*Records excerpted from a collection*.
#####

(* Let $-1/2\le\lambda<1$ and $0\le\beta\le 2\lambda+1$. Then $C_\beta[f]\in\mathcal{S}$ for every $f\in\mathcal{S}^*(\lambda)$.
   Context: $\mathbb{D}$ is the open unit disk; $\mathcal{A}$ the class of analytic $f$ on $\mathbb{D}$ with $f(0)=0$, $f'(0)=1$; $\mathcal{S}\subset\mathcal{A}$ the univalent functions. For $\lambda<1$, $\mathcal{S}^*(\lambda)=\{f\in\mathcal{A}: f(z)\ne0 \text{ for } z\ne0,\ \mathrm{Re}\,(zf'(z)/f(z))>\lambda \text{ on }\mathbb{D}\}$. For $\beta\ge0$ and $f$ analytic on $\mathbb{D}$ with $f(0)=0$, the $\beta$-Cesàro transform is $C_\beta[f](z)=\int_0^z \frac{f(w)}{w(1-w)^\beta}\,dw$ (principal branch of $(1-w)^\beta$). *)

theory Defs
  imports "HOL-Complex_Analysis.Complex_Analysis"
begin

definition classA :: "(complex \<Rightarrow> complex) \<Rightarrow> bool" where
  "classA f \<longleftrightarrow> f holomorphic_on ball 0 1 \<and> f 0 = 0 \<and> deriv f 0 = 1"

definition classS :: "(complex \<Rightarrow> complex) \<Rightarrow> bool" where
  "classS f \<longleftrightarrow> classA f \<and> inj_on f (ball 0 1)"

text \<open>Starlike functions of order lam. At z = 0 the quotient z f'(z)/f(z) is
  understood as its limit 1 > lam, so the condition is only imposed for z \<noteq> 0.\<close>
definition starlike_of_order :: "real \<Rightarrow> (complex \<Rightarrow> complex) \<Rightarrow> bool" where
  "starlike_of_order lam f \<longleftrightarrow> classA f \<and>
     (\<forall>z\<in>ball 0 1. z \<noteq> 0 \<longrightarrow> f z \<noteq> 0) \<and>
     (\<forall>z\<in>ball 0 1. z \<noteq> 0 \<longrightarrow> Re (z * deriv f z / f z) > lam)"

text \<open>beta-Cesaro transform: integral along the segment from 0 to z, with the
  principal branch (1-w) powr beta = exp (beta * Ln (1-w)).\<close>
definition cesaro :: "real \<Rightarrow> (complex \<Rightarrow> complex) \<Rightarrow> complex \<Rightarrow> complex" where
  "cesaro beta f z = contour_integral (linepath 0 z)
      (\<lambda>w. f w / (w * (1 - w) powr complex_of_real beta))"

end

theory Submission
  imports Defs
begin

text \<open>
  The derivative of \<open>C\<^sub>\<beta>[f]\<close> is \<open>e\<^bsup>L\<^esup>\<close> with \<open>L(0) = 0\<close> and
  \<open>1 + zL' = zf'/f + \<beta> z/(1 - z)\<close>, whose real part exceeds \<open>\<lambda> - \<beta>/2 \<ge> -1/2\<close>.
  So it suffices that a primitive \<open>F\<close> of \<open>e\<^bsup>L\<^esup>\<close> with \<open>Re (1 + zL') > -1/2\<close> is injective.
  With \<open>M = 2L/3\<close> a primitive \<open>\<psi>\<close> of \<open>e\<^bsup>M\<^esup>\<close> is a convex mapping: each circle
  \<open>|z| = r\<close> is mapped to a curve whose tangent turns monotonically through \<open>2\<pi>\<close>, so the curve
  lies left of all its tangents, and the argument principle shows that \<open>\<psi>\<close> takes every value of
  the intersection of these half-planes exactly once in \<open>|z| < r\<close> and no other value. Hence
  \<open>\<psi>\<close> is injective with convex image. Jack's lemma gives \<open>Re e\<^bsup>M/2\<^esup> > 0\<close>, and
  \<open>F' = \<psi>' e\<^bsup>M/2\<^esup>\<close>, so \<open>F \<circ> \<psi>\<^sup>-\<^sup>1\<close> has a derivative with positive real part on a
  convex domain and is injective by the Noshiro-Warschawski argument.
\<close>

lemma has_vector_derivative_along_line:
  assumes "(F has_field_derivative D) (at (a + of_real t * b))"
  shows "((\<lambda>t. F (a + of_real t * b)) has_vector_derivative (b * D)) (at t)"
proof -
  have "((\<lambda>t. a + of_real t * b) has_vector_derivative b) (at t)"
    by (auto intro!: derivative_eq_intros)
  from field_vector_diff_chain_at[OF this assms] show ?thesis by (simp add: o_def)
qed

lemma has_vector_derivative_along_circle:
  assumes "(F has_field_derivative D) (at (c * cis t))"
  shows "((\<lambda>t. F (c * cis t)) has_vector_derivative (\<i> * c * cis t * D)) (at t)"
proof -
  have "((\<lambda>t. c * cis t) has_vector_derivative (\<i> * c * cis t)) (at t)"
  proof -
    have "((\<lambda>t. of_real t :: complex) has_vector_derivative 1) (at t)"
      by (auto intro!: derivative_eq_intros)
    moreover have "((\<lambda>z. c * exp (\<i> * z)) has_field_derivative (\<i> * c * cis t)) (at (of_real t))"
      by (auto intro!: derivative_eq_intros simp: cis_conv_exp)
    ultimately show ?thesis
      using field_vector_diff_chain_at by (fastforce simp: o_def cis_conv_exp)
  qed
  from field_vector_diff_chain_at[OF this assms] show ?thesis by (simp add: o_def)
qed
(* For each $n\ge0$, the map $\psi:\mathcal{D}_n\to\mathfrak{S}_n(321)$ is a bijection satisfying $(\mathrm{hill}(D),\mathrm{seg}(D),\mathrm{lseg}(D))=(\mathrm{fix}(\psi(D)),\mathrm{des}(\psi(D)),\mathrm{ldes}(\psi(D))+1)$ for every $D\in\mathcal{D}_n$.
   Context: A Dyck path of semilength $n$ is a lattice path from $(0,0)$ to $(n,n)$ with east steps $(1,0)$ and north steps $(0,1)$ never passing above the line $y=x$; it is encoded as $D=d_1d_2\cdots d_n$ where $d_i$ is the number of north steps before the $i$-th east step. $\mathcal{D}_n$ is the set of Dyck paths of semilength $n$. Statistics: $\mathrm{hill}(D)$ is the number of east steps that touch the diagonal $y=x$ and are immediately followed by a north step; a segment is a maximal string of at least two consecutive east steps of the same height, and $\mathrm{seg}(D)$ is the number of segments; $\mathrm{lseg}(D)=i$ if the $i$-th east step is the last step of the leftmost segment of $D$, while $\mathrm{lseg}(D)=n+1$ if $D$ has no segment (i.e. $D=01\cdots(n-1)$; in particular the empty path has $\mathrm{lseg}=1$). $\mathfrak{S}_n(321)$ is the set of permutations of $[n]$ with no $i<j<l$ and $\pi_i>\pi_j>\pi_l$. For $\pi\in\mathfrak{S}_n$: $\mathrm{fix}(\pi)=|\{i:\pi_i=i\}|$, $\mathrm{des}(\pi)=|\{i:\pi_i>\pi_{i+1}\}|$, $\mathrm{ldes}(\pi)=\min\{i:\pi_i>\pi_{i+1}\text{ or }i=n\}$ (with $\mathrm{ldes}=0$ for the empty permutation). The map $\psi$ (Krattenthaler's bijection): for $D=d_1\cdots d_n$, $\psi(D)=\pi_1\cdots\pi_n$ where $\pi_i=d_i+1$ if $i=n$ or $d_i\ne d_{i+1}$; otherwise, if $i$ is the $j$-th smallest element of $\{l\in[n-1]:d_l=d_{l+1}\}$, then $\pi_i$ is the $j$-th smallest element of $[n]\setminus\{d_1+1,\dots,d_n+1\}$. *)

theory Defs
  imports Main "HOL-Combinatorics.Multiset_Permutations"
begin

#####

*Exercise directions*.
Could you reproduce exactly the lines of the entries above, from the one with "understood as its" through the one with "(linepath 0 z)", and nothing else?

*Solution*.
  understood as its limit 1 > lam, so the condition is only imposed for z \<noteq> 0.\<close>
definition starlike_of_order :: "real \<Rightarrow> (complex \<Rightarrow> complex) \<Rightarrow> bool" where
  "starlike_of_order lam f \<longleftrightarrow> classA f \<and>
     (\<forall>z\<in>ball 0 1. z \<noteq> 0 \<longrightarrow> f z \<noteq> 0) \<and>
     (\<forall>z\<in>ball 0 1. z \<noteq> 0 \<longrightarrow> Re (z * deriv f z / f z) > lam)"

text \<open>beta-Cesaro transform: integral along the segment from 0 to z, with the
  principal branch (1-w) powr beta = exp (beta * Ln (1-w)).\<close>
definition cesaro :: "real \<Rightarrow> (complex \<Rightarrow> complex) \<Rightarrow> complex \<Rightarrow> complex" where
  "cesaro beta f z = contour_integral (linepath 0 z)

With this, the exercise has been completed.